Difference between distances of two points from a plane

Question

This is the question I am trying to solve: My cat is standing on the plane $3x+2y+z = 4.$ Its head is at $(0,-1,-3)$ and the tip of its tail is at $(-4,-2,-2).$ Measured from the plane, what is the difference between the height of my cat's head and my cat's tail?

I originally just thought the answer was just the distance between the two points, and I got ${3 \sqrt{2}}{},$ however, it is wrong. I don't know what else to do. Any ideas?

Answer 1

Your question was already answered bu since I, personally, never remember the formula, I want to show you how to derive it. You have to be familliar with plane and line ecuations (cartesian and parametric), dot product and norm.

Let your plane $\pi: Ax + By + Cz = D$ and your point $\vec{P} = (x_p,y_p,z_p)$. Another way to write the ecuation for your plane is

$$\pi: \vec{n}\cdot\vec{X} = \vec{n}\cdot\vec{Q} $$

where $\vec{n} = (A,B,C)$ is the normal vector, $\vec{X} = (x,y,z)$ and $\vec{Q}$ is a point that is on the plane (this isn't important for what's next, remember that $\vec{n}\cdot\vec{Q} = D$).

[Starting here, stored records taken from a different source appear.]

lemma kernel_pairing_kcomb_Cauchy_Schwarz:
  assumes psd: "psd_kernel D K" and "w \<in> fin_coeffs D" "finite F" "F \<subseteq> D"
  shows "(cmod (kernel_pairing F (kcomb K w) c))\<^sup>2 \<le> knormsq K w * Re (kernel_form F K c c)"
proof -
  define c' where "c' = (\<lambda>t. if t \<in> F then c t else 0)"
  define S where "S = supp_c w \<union> F"
  have S: "finite S" "S \<subseteq> D" using assms unfolding S_def fin_coeffs_def by auto
  have supp: "supp_c w \<subseteq> S" "supp_c c' \<subseteq> F" and "F \<subseteq> S"
    unfolding S_def c'_def supp_c_def by auto
  have "(\<Sum>u\<in>S. cnj (c' u) * kcomb K w u) = (\<Sum>u\<in>F. cnj (c u) * kcomb K w u)"
    by (rule sum.mono_neutral_cong_right) (use S(1) in \<open>auto simp: S_def c'_def\<close>)
  then have "kernel_form S K w c' = cnj (kernel_pairing F (kcomb K w) c)"
    unfolding kernel_form_eq_kcomb[OF S(1) supp(1)] kernel_pairing_def cnj_sum by simp
  then have "(cmod (kernel_pairing F (kcomb K w) c))\<^sup>2 \<le> Re (kernel_form S K w w) * Re (kernel_form S K c' c')"
    using kernel_form_Cauchy_Schwarz[OF psd S, of w c'] by simp
  also have "kernel_form S K c' c' = kernel_form F K c c"
    unfolding kernel_form_superset[OF S(1) \<open>F \<subseteq> S\<close> supp(2) supp(2)]
    unfolding kernel_form_def c'_def by (intro sum.cong) auto
  finally show ?thesis
    using knormsq_eq_kernel_form[OF S(1) supp(1)] by simp
qed

lemma psd_majorant_if_in_rkhs:
  assumes psd: "psd_kernel D K" and "in_rkhs D K f"
  shows "\<exists>C\<ge>0. psd_kernel D (majorant_kernel C K f)"
proof -
  obtain W where W: "\<And>k. W k \<in> fin_coeffs D"
    and cauchy: "\<forall>\<epsilon>>0. \<exists>N. \<forall>i\<ge>N. \<forall>j\<ge>N. knormsq K (\<lambda>t. W i t - W j t) < \<epsilon>"
    and conv: "\<forall>s\<in>D. (\<lambda>k. kcomb K (W k) s) \<longlonglongrightarrow> f s"
    using assms(2) unfolding in_rkhs_def fin_coeffs_def by blast
  obtain B where B: "\<And>k. knormsq K (W k) \<le> B"
    using knormsq_bounded_if_Cauchy[OF psd W cauchy] by blast
  have "B \<ge> 0"
    using B[of 0] knormsq_nonneg[OF psd W, of 0] by linarith
  have "psd_kernel D (majorant_kernel B K f)"
    unfolding psd_majorant_kernel_iff[OF psd]
  proof (intro allI impI)
    fix F :: "complex set" and c :: "complex \<Rightarrow> complex"
    assume F: "finite F \<and> F \<subseteq> D"
    have bound: "(cmod (kernel_pairing F (kcomb K (W k)) c))\<^sup>2 \<le> B * Re (kernel_form F K c c)" for k
      using kernel_pairing_kcomb_Cauchy_Schwarz[OF psd W[of k], of F c] F
        mult_right_mono[OF B[of k] kernel_form_nonneg[OF psd, of F c]] by (meson order_trans)
    have "(\<lambda>k. kernel_pairing F (kcomb K (W k)) c) \<longlonglongrightarrow> kernel_pairing F f c"
      unfolding kernel_pairing_def using conv F by (intro tendsto_intros) auto
    then have "(\<lambda>k. (cmod (kernel_pairing F (kcomb K (W k)) c))\<^sup>2) \<longlonglongrightarrow> (cmod (kernel_pairing F f c))\<^sup>2"
      by (intro tendsto_intros)
    then show "(cmod (kernel_pairing F f c))\<^sup>2 \<le> B * Re (kernel_form F K c c)"
      by (rule LIMSEQ_le_const2) (use bound in auto)
  qed
  with \<open>B \<ge> 0\<close> show ?thesis by blast
qed
lemma has_derivative_straighten:
  fixes X :: "real \<times> real \<times> real \<Rightarrow> real"
  assumes "smooth_on UNIV X"
  shows "((\<lambda>(x', y'). (X (x', y', e), y')) has_derivative
    (\<lambda>(u, v). (u * pdiff [(1, 0, 0)] X (x, y, e) + v * pdiff [(0, 1, 0)] X (x, y, e), v))) (at (x, y))"
proof -
  have "((\<lambda>z. (fst z, snd z, e)) has_derivative (\<lambda>z. (fst z, snd z, 0))) (at (x, y))"
    by (auto intro!: derivative_eq_intros)
  moreover have "(X has_derivative (\<lambda>u. fst u * pdiff [(1, 0, 0)] X (x, y, e)
      + fst (snd u) * pdiff [(0, 1, 0)] X (x, y, e) + snd (snd u) * pdiff [(0, 0, 1)] X (x, y, e)))
      (at (fst (x, y), snd (x, y), e))"
    using smooth_on_has_derivative_real3[OF assms, of "(x, y, e)"] by simp
  ultimately have "((\<lambda>z. X (fst z, snd z, e)) has_derivative
      (\<lambda>z. fst z * pdiff [(1, 0, 0)] X (x, y, e) + snd z * pdiff [(0, 1, 0)] X (x, y, e))) (at (x, y))"
    by (rule diff_chain_at[THEN has_derivative_eq_rhs, unfolded o_def]) (simp add: fun_eq_iff)
  then show ?thesis
    unfolding case_prod_unfold by (intro has_derivative_Pair has_derivative_snd has_derivative_ident)
qed

section \<open>The weighted coordinate\<close>

lemma has_real_derivative_weighted:
  fixes g :: "real \<Rightarrow> real"
  assumes "(g has_real_derivative g') (at x)"
  shows "((\<lambda>s. - g s * (1 + s\<^sup>2) ^ Suc n) has_real_derivative
    (1 + x\<^sup>2) ^ n * (- g' * (1 + x\<^sup>2) + 2 * Suc n * (- (x * g x)))) (at x)"
proof -
  have "((\<lambda>s. 1 + s\<^sup>2) has_real_derivative 2 * x) (at x)"
    by (auto intro!: derivative_eq_intros)
  from DERIV_mult[OF DERIV_minus[OF assms] DERIV_power[OF this, of "Suc n"]]
  show ?thesis
    by (rule DERIV_cong) (simp add: algebra_simps)
qed

lemma positive_lower_bound_on_compact:
  fixes F :: "'a::metric_space \<Rightarrow> real"
  assumes "compact S" "continuous_on S F" "\<And>x. x \<in> S \<Longrightarrow> F x > 0"
  shows "\<exists>c>0. \<forall>x\<in>S. c \<le> F x"
proof (cases "S = {}")
  case False
  from continuous_attains_inf[OF assms(1) False assms(2)] assms(3) show ?thesis
    by blast
qed (auto intro: zero_less_one)
(* Assume the Framework and the Purification Postulate. For every system $\mathrm A$ and every pair of pure states $\psi,\psi'\in\mathfrak S_1(\mathrm A)$ there is a reversible channel $\mathcal U\in\mathbf G_{\mathrm A}$ such that $\psi'=\mathcal U\psi$.
   Context: Framework. We work in an operational-probabilistic theory: there is a collection of systems $\mathrm A,\mathrm B,\dots$, closed under a composition $\mathrm A\mathrm B$ (associative, symmetric up to a reversible swap, with a trivial system $\mathrm I$ satisfying $\mathrm A\mathrm I=\mathrm A$); for each pair of systems a set $\mathfrak T(\mathrm A,\mathrm B)$ of transformations; a test from $\mathrm A$ to $\mathrm B$ is a finite collection $\{\mathcal C_i\}_{i\in X}\subseteq\mathfrak T(\mathrm A,\mathrm B)$, and every transformation belongs to some test. Tests are closed under sequential composition, parallel composition ($\otimes$), coarse-graining (summing outcomes over the blocks of a partition of $X$) and conditioning (choosing the next test depending on the outcome of the previous one). States of $\mathrm A$ are the elements of $\mathfrak S(\mathrm A):=\mathfrak T(\mathrm I,\mathrm A)$, effects are the elements of $\mathfrak T(\mathrm A,\mathrm I)$, and transformations $\mathrm I\to\mathrm I$ are probabilities in $[0,1]$ (those of a test sum to $1$; composition is multiplication). An effect $a$ and a state $\rho$ give the probability $(a|\rho)$. States (effects) are identified when they give equal probabilities on all effects (states); transformations $\mathcal C,\mathcal C'$ are identified when $\mathcal C\otimes\mathcal I_{\mathrm S}$ and $\mathcal C'\otimes\mathcal I_{\mathrm S}$ act identically on all states of $\mathrm A\mathrm S$ for every system $\mathrm S$. States span a finite-dimensional real vector space $\mathfrak S_{\mathbb R}(\mathrm A)$, transformations act linearly, and $\mathfrak T_{\mathbb R}(\mathrm A,\mathrm B)$ is the real span of $\mathfrak T(\mathrm A,\mathrm B)$. Standing assumptions: (i) causality: each system $\mathrm A$ has a unique deterministic effect $e_{\mathrm A}$ (the effect forming a one-outcome observation test), and $e_{\mathrm A\mathrm B}=e_{\mathrm A}\otimes e_{\mathrm B}$; (ii) local discriminability: if two states of $\mathrm A\mathrm B$ differ, some product effect $a\otimes b$ gives them different probabilities; (iii) all sets of states are closed, the theory is not deterministic (hence all sets of states, effects and transformations are convex), and perfectly distinguishable states exist. A state $\rho$ is normalized if $(e|\rho)=1$; $\mathfrak S_1(\mathrm A)$ is the set of normalized states. A channel is a $\mathcal C\in\mathfrak T(\mathrm A,\mathrm B)$ with $e_{\mathrm B}\circ\mathcal C=e_{\mathrm A}$. A channel $\mathcal U\in\mathfrak T(\mathrm A,\mathrm B)$ is reversible if some channel $\mathcal W\in\mathfrak T(\mathrm B,\mathrm A)$ satisfies $\mathcal W\mathcal U=\mathcal I_{\mathrm A}$, $\mathcal U\mathcal W=\mathcal I_{\mathrm B}$; $\mathbf G_{\mathrm A}$ is the group of reversible channels on $\mathrm A$. The marginal of a state $\sigma$ of $\mathrm A\mathrm B$ on $\mathrm A$ is $(\mathcal I_{\mathrm A}\otimes e_{\mathrm B})\sigma$. Refinement. For $\mathcal C\in\mathfrak T(\mathrm A,\mathrm B)$, write $\mathcal D\prec\mathcal C$ if there are a test $\{\mathcal D_j\}_{j\in Y}$ and $Y_0\subseteq Y$ with $\mathcal C=\sum_{j\in Y_0}\mathcal D_j$ and $\mathcal D\in\{\mathcal D_j\}_{j\in Y_0}$; the refinement set is $D_{\mathcal C}=\{\mathcal D:\mathcal D\prec\mathcal C\}$. $\mathcal C$ is atomic if $\mathcal D\prec\mathcal C$ implies $\mathcal D=\lambda\mathcal C$ for some $\lambda\in[0,1]$. A pure state is an atomic state; a state is mixed otherwise. Purification Postulate. For every $\rho\in\mathfrak S_1(\mathrm A)$ there are a system $\mathrm B$ and a pure $\Psi\in\mathfrak S_1(\mathrm A\mathrm B)$ with $(\mathcal I_{\mathrm A}\otimes e_{\mathrm B})\Psi=\rho$ (a purification of $\rho$, with purifying system $\mathrm B$); and if $\Psi,\Psi'\in\mathfrak S_1(\mathrm A\mathrm B)$ are purifications of the same state, then $\Psi'=(\mathcal I_{\mathrm A}\otimes\mathcal U)\Psi$ for some $\mathcal U\in\mathbf G_{\mathrm B}$. *)

theory Defs
  imports "HOL-Analysis.Analysis"
begin

text \<open>
  Systems have type 's; all transformations
  (of all input/output pairs) live in one real vector space 't (the direct sum of the spaces
  spanned by the transformations of each pair of systems), so that coarse-graining is vector
  addition.  Equality of 't is the operational identification of transformations.
  Tests are finite collections of transformations, indexed by list positions.
\<close>

record ('s, 't) opt =
  o_cmp   :: "'s \<Rightarrow> 's \<Rightarrow> 's"
  o_triv  :: "'s"
  o_tr    :: "'s \<Rightarrow> 's \<Rightarrow> 't set"
  o_tests :: "'s \<Rightarrow> 's \<Rightarrow> 't list set"
  o_seq   :: "'t \<Rightarrow> 't \<Rightarrow> 't"      \<comment> \<open>o_seq C D = C after D\<close>
  o_par   :: "'t \<Rightarrow> 't \<Rightarrow> 't"
  o_id    :: "'s \<Rightarrow> 't"
  o_swap  :: "'s \<Rightarrow> 's \<Rightarrow> 't"
  o_prob  :: "'t \<Rightarrow> real"

definition states :: "('s, 't::real_normed_vector) opt \<Rightarrow> 's \<Rightarrow> 't set" where
  "states T A = o_tr T (o_triv T) A"

definition effects :: "('s, 't::real_normed_vector) opt \<Rightarrow> 's \<Rightarrow> 't set" where
  "effects T A = o_tr T A (o_triv T)"

definition pairing :: "('s, 't::real_normed_vector) opt \<Rightarrow> 't \<Rightarrow> 't \<Rightarrow> real" where
  "pairing T a \<rho> = o_prob T (o_seq T a \<rho>)"

definition det_eff :: "('s, 't::real_normed_vector) opt \<Rightarrow> 's \<Rightarrow> 't" where
  "det_eff T A = (THE e. [e] \<in> o_tests T A (o_triv T))"

definition normalized :: "('s, 't::real_normed_vector) opt \<Rightarrow> 's \<Rightarrow> 't \<Rightarrow> bool" where
  "normalized T A \<rho> \<longleftrightarrow> \<rho> \<in> states T A \<and> pairing T (det_eff T A) \<rho> = 1"

definition channel :: "('s, 't::real_normed_vector) opt \<Rightarrow> 's \<Rightarrow> 's \<Rightarrow> 't \<Rightarrow> bool" where
  "channel T A B C \<longleftrightarrow> C \<in> o_tr T A B \<and> o_seq T (det_eff T B) C = det_eff T A"

definition reversible :: "('s, 't::real_normed_vector) opt \<Rightarrow> 's \<Rightarrow> 's \<Rightarrow> 't \<Rightarrow> bool" where
  "reversible T A B U \<longleftrightarrow> channel T A B U \<and>
     (\<exists>W. channel T B A W \<and> o_seq T W U = o_id T A \<and> o_seq T U W = o_id T B)"

definition revG :: "('s, 't::real_normed_vector) opt \<Rightarrow> 's \<Rightarrow> 't set" where
  "revG T A = {U. reversible T A A U}"

definition refines :: "('s, 't::real_normed_vector) opt \<Rightarrow> 's \<Rightarrow> 's \<Rightarrow> 't \<Rightarrow> 't \<Rightarrow> bool" where
  "refines T A B D C \<longleftrightarrow>
     (\<exists>ts \<in> o_tests T A B. \<exists>Y0 \<subseteq> {..<length ts}.
        C = (\<Sum>j\<in>Y0. ts ! j) \<and> D \<in> (\<lambda>j. ts ! j) ` Y0)"

definition atomic :: "('s, 't::real_normed_vector) opt \<Rightarrow> 's \<Rightarrow> 's \<Rightarrow> 't \<Rightarrow> bool" where
  "atomic T A B C \<longleftrightarrow> C \<in> o_tr T A B \<and>
     (\<forall>D. refines T A B D C \<longrightarrow> (\<exists>c\<in>{0..1}. D = c *\<^sub>R C))"

definition pure_state :: "('s, 't::real_normed_vector) opt \<Rightarrow> 's \<Rightarrow> 't \<Rightarrow> bool" where
  "pure_state T A \<psi> \<longleftrightarrow> atomic T (o_triv T) A \<psi>"

text \<open>Marginal on A of a state of AB: (I_A \<otimes> e_B) sigma (a state of AI = A).\<close>
definition marginal :: "('s, 't::real_normed_vector) opt \<Rightarrow> 's \<Rightarrow> 's \<Rightarrow> 't \<Rightarrow> 't" where
  "marginal T A B \<sigma> = o_seq T (o_par T (o_id T A) (det_eff T B)) \<sigma>"

definition purification ::
  "('s, 't::real_normed_vector) opt \<Rightarrow> 's \<Rightarrow> 's \<Rightarrow> 't \<Rightarrow> 't \<Rightarrow> bool" where
  "purification T A B \<rho> \<Psi> \<longleftrightarrow>
     normalized T (o_cmp T A B) \<Psi> \<and> pure_state T (o_cmp T A B) \<Psi> \<and> marginal T A B \<Psi> = \<rho>"

definition purification_postulate :: "('s, 't::real_normed_vector) opt \<Rightarrow> bool" where
  "purification_postulate T \<longleftrightarrow>
     (\<forall>A \<rho>. normalized T A \<rho> \<longrightarrow> (\<exists>B \<Psi>. purification T A B \<rho> \<Psi>)) \<and>
     (\<forall>A B \<rho> \<Psi> \<Psi>'. purification T A B \<rho> \<Psi> \<and> purification T A B \<rho> \<Psi>' \<longrightarrow>
        (\<exists>U \<in> revG T B. \<Psi>' = o_seq T (o_par T (o_id T A) U) \<Psi>))"

definition systems_ax :: "('s, 't::real_normed_vector) opt \<Rightarrow> bool" where
  "systems_ax T \<longleftrightarrow>
     (\<forall>A B C. o_cmp T (o_cmp T A B) C = o_cmp T A (o_cmp T B C)) \<and>
     (\<forall>A. o_cmp T A (o_triv T) = A)"

definition category_ax :: "('s, 't::real_normed_vector) opt \<Rightarrow> bool" where
  "category_ax T \<longleftrightarrow>
     (\<forall>A. o_id T A \<in> o_tr T A A) \<and>
     (\<forall>A B C. C \<in> o_tr T A B \<longrightarrow> o_seq T C (o_id T A) = C \<and> o_seq T (o_id T B) C = C) \<and>
     (\<forall>A B C C' D. C \<in> o_tr T B C' \<longrightarrow> D \<in> o_tr T A B \<longrightarrow> o_seq T C D \<in> o_tr T A C') \<and>
     (\<forall>x y z. o_seq T (o_seq T x y) z = o_seq T x (o_seq T y z)) \<and>
     (\<forall>A A' B B' C D. C \<in> o_tr T A B \<longrightarrow> D \<in> o_tr T A' B' \<longrightarrow>
        o_par T C D \<in> o_tr T (o_cmp T A A') (o_cmp T B B')) \<and>
     (\<forall>A B B2 A' B' B2' C C' D D'. C' \<in> o_tr T A B \<longrightarrow> C \<in> o_tr T B B2 \<longrightarrow>
        D' \<in> o_tr T A' B' \<longrightarrow> D \<in> o_tr T B' B2' \<longrightarrow>
        o_par T (o_seq T C C') (o_seq T D D') = o_seq T (o_par T C D) (o_par T C' D')) \<and>
     (\<forall>A B. o_par T (o_id T A) (o_id T B) = o_id T (o_cmp T A B)) \<and>
     (\<forall>x y z. o_par T (o_par T x y) z = o_par T x (o_par T y z)) \<and>
     (\<forall>a. linear (o_seq T a)) \<and> (\<forall>b. linear (\<lambda>a. o_seq T a b)) \<and>
     (\<forall>a. linear (o_par T a)) \<and> (\<forall>b. linear (\<lambda>a. o_par T a b))"

definition swap_ax :: "('s, 't::real_normed_vector) opt \<Rightarrow> bool" where
  "swap_ax T \<longleftrightarrow>
     (\<forall>A B. reversible T (o_cmp T A B) (o_cmp T B A) (o_swap T A B)) \<and>
     (\<forall>A B. o_seq T (o_swap T B A) (o_swap T A B) = o_id T (o_cmp T A B)) \<and>
     (\<forall>A A' B B' C D. C \<in> o_tr T A B \<longrightarrow> D \<in> o_tr T A' B' \<longrightarrow>
        o_seq T (o_swap T B B') (o_par T C D) = o_seq T (o_par T D C) (o_swap T A A'))"

definition prob_ax :: "('s, 't::real_normed_vector) opt \<Rightarrow> bool" where
  "prob_ax T \<longleftrightarrow>
     inj_on (o_prob T) (o_tr T (o_triv T) (o_triv T)) \<and>
     o_prob T ` o_tr T (o_triv T) (o_triv T) \<subseteq> {0..1} \<and>
     linear (o_prob T) \<and>
     (\<forall>p \<in> o_tr T (o_triv T) (o_triv T). \<forall>q \<in> o_tr T (o_triv T) (o_triv T).
        o_prob T (o_seq T p q) = o_prob T p * o_prob T q) \<and>
     (\<forall>A B C. \<forall>p \<in> o_tr T (o_triv T) (o_triv T). C \<in> o_tr T A B \<longrightarrow>
        o_par T C p = o_prob T p *\<^sub>R C) \<and>
     (\<forall>ts \<in> o_tests T (o_triv T) (o_triv T). (\<Sum>t\<leftarrow>ts. o_prob T t) = 1)"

You should agree with me that the point in the plane closer to $\vec{P}$ (will call it $\vec{R}$) passes throught the line defined by the point $\vec{P}$ and the vector $\vec{n}$ (line perpendicular to the plane passing throught $\vec{P}$). If you have trouble seeing this, draw it in 2D: it's analogous in more dimentions. So we can write $\vec{R}$ as $$ \vec{R} = \lambda\,\vec{n} + \vec{P}$$ with $\lambda\in\mathbb{R}$.

But this point is also contained in the plane. Therefore, it satisfies our plane ecuation.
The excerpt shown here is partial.